In his affidavit, which you can view below, Kamins describes getting charged $4.70 for a short trip from an Uber driver with the handle Abdessamad. He also details a $13 trip with Lyft driver Ballagio. And later, a $12 trip with a Lyft driver named Sebastian whom he knocks for relying too much on his GPS to get around.
Kamins, who obviously has a major stake in not wanting to add more competition to the local cabbie game, asked the council to take action against the companies. His beef is that someone is getting compensated for provided commercial transportation services on city streets.
Basically, while the driver may not have asked for cash directly, that's not how these services are meant to work anyway, in the end nobody is really driving around wasting gas for free.

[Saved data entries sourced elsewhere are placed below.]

(* For all $t\in\mathcal T_{\mathcal I}$ we have $W_{\rm lr}(t)\le W_{\rm mm}(t,t,t)$.
   Context: $\mathcal T_{\mathcal I}$ is a binary cluster tree for a finite index set $\mathcal I$ (each cluster $t$ has label $\hat t\subseteq\mathcal I$; a non-leaf cluster has exactly two sons $t_1,t_2$ whose labels disjointly partition $\hat t$), with a block tree $\mathcal T_{\mathcal I\times\mathcal I}$ whose non-leaf blocks $(t,s)$ have sons $\mathrm{sons}^+(t)\times\mathrm{sons}^+(s)$ ($\mathrm{sons}^+(t)=\mathrm{sons}(t)$ for non-leaves, $\{t\}$ for leaves). $W_{\rm mm}(t,s,r)$ is the number of operations of the recursive $\mathcal H^2$-matrix multiplication algorithm for $Z|_{\hat t\times\hat r}\gets Z|_{\hat t\times\hat r}+X|_{\hat t\times\hat s}Y|_{\hat s\times\hat r}$, which for non-leaf blocks recurses into all son triples so that $W_{\rm mm}(t,s,r)\ge\sum_{t'\in\mathrm{sons}^+(t),s'\in\mathrm{sons}^+(s),r'\in\mathrm{sons}^+(r)}W_{\rm mm}(t',s',r')$. $W_{\rm lfs}(t,s)$ and $W_{\rm rfs}(t,s)$ are the operation counts of the recursive block forward substitutions for $L|_{\hat t\times\hat t}X=Y|_{\hat t\times\hat s}$ and $XR|_{\hat s\times\hat s}=Y|_{\hat t\times\hat s}$, which satisfy $W_{\rm lfs}(t,s)\le W_{\rm mm}(t,t,s)$ and $W_{\rm rfs}(t,s)\le W_{\rm mm}(t,s,s)$. $W_{\rm lr}(t)$ is the number of operations of the recursive LR factorization $L|_{\hat t\times\hat t}R|_{\hat t\times\hat t}=A|_{\hat t\times\hat t}$: for a leaf $t$, dense Gaussian elimination is used, costing at most $W_{\rm mm}(t,t,t)$; otherwise, with $\mathrm{sons}(t)=\{t_1,t_2\}$, it factorizes $A|_{\hat t_1\times\hat t_1}$ recursively, solves $L|_{\hat t_1\times\hat t_1}R|_{\hat t_1\times\hat t_2}=A|_{\hat t_1\times\hat t_2}$ and $L|_{\hat t_2\times\hat t_1}R|_{\hat t_1\times\hat t_1}=A|_{\hat t_2\times\hat t_1}$ by forward substitution, computes $A|_{\hat t_2\times\hat t_2}-L|_{\hat t_2\times\hat t_1}R|_{\hat t_1\times\hat t_2}$ by the multiplication algorithm, and factorizes it recursively, so $W_{\rm lr}(t)=W_{\rm lr}(t_1)+W_{\rm lfs}(t_1,t_2)+W_{\rm rfs}(t_2,t_1)+W_{\rm mm}(t_2,t_1,t_2)+W_{\rm lr}(t_2)$. *)

theory Defs
  imports Main
begin

datatype 'i ctree = Leaf "'i set" | Node "'i set" "'i ctree" "'i ctree"

fun label :: "'i ctree \<Rightarrow> 'i set" where
  "label (Leaf L) = L"
| "label (Node L _ _) = L"

fun wf_ctree :: "'i ctree \<Rightarrow> bool" where
  "wf_ctree (Leaf L) = True"
| "wf_ctree (Node L t1 t2) =
     (label t1 \<inter> label t2 = {} \<and> label t1 \<union> label t2 = L \<and> wf_ctree t1 \<and> wf_ctree t2)"

definition cluster_tree :: "'i set \<Rightarrow> 'i ctree \<Rightarrow> bool" where
  "cluster_tree I r \<longleftrightarrow> finite I \<and> label r = I \<and> wf_ctree r"

fun clusters :: "'i ctree \<Rightarrow> 'i ctree set" where
  "clusters (Leaf L) = {Leaf L}"
| "clusters (Node L t1 t2) = insert (Node L t1 t2) (clusters t1 \<union> clusters t2)"

text \<open>sons^+(t), as a list (so that two sons are always counted separately).\<close>
fun sonsp :: "'i ctree \<Rightarrow> 'i ctree list" where
  "sonsp (Leaf L) = [Leaf L]"
| "sonsp (Node L t1 t2) = [t1, t2]"

definition sons_triple_sum :: "('i ctree \<Rightarrow> 'i ctree \<Rightarrow> 'i ctree \<Rightarrow> nat) \<Rightarrow>
    'i ctree \<Rightarrow> 'i ctree \<Rightarrow> 'i ctree \<Rightarrow> nat" where
  "sons_triple_sum W t s r = sum_list [W t' s' r'. t' \<leftarrow> sonsp t, s' \<leftarrow> sonsp s, r' \<leftarrow> sonsp r]"

end

theory Submission
  imports Defs
begin

text \<open>For a node t with sons t1, t2, each of the five
  summands of the LR cost is dominated by a different one of the eight son triples of the
  recursive multiplication for (t,t,t): the two recursive factorizations by (t1,t1,t1) and
  (t2,t2,t2) (induction hypothesis), the forward substitutions by (t1,t1,t2) and (t2,t1,t1),
  and the Schur complement update by (t2,t1,t2) itself.\<close>

lemma clusters_self: "t \<in> clusters t"
  by (cases t) auto

lemma clusters_trans: "s \<in> clusters t \<Longrightarrow> u \<in> clusters s \<Longrightarrow> u \<in> clusters t"
  by (induction t) auto

lemma sons_in_clusters:
  assumes "Node L t1 t2 \<in> clusters r"
  shows "t1 \<in> clusters r" and "t2 \<in> clusters r"
  using clusters_trans[OF assms] clusters_self by auto

lemma sons_triple_sum_Node_diag:
  "sons_triple_sum W (Node L t1 t2) (Node L t1 t2) (Node L t1 t2) =
     W t1 t1 t1 + W t1 t1 t2 + W t1 t2 t1 + W t1 t2 t2 +
     W t2 t1 t1 + W t2 t1 t2 + W t2 t2 t1 + W t2 t2 t2"
  by (simp add: sons_triple_sum_def add.assoc)

theorem mainTheorem4:
  fixes I :: "'i set" and root :: "'i ctree"
    and W_mm :: "'i ctree \<Rightarrow> 'i ctree \<Rightarrow> 'i ctree \<Rightarrow> nat"
    and W_lfs W_rfs :: "'i ctree \<Rightarrow> 'i ctree \<Rightarrow> nat"
    and W_lr :: "'i ctree \<Rightarrow> nat"
  assumes tree: "cluster_tree I root"
    and mm: "\<And>t s r. t \<in> clusters root \<Longrightarrow> s \<in> clusters root \<Longrightarrow> r \<in> clusters root \<Longrightarrow>
               sons_triple_sum W_mm t s r \<le> W_mm t s r"
    and lfs: "\<And>t s. t \<in> clusters root \<Longrightarrow> s \<in> clusters root \<Longrightarrow> W_lfs t s \<le> W_mm t t s"
    and rfs: "\<And>t s. t \<in> clusters root \<Longrightarrow> s \<in> clusters root \<Longrightarrow> W_rfs t s \<le> W_mm t s s"
    and lr_leaf: "\<And>L. Leaf L \<in> clusters root \<Longrightarrow> W_lr (Leaf L) \<le> W_mm (Leaf L) (Leaf L) (Leaf L)"
    and lr_node: "\<And>L t1 t2. Node L t1 t2 \<in> clusters root \<Longrightarrow>
               W_lr (Node L t1 t2) = W_lr t1 + W_lfs t1 t2 + W_rfs t2 t1 + W_mm t2 t1 t2 + W_lr t2"
  shows "\<forall>t \<in> clusters root. W_lr t \<le> W_mm t t t"
proof
  fix t assume "t \<in> clusters root"
  then show "W_lr t \<le> W_mm t t t"
  proof (induction t)
    case (Leaf L)
    then show ?case by (rule lr_leaf)
  next
    case (Node L t1 t2)
    note sons = sons_in_clusters[OF Node.prems]
    have "W_lr t1 \<le> W_mm t1 t1 t1" and "W_lr t2 \<le> W_mm t2 t2 t2"
      using Node.IH sons by blast+
    moreover have "W_lfs t1 t2 \<le> W_mm t1 t1 t2" and "W_rfs t2 t1 \<le> W_mm t2 t1 t1"
      using lfs rfs sons by blast+
    moreover have "sons_triple_sum W_mm (Node L t1 t2) (Node L t1 t2) (Node L t1 t2)
        \<le> W_mm (Node L t1 t2) (Node L t1 t2) (Node L t1 t2)"
      using mm Node.prems by blast
    ultimately show ?case
      unfolding lr_node[OF Node.prems] sons_triple_sum_Node_diag by linarith
  qed
qed

end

"I think the entities that are in violation of the ordinance are Uber and Lyft themselves," Kamins said. "They are the companies that presentrd the app for the customers to use. My credit card is on file with Uber and with Lyft, and not with the driver. My credit card was charged by the companies, the companies keep the funds for themselves then distribute a certain percentage to the drivers. At least that's my understanding," he said.
A spokesperson for Lyft, Katie Dally, explained how driver compensation works: "Lyft credits new users' accounts with free rides when they sign up with Lyft through our Pioneer Program - so users are not paying for rides, and drivers are compensated based on time and distance with those credits."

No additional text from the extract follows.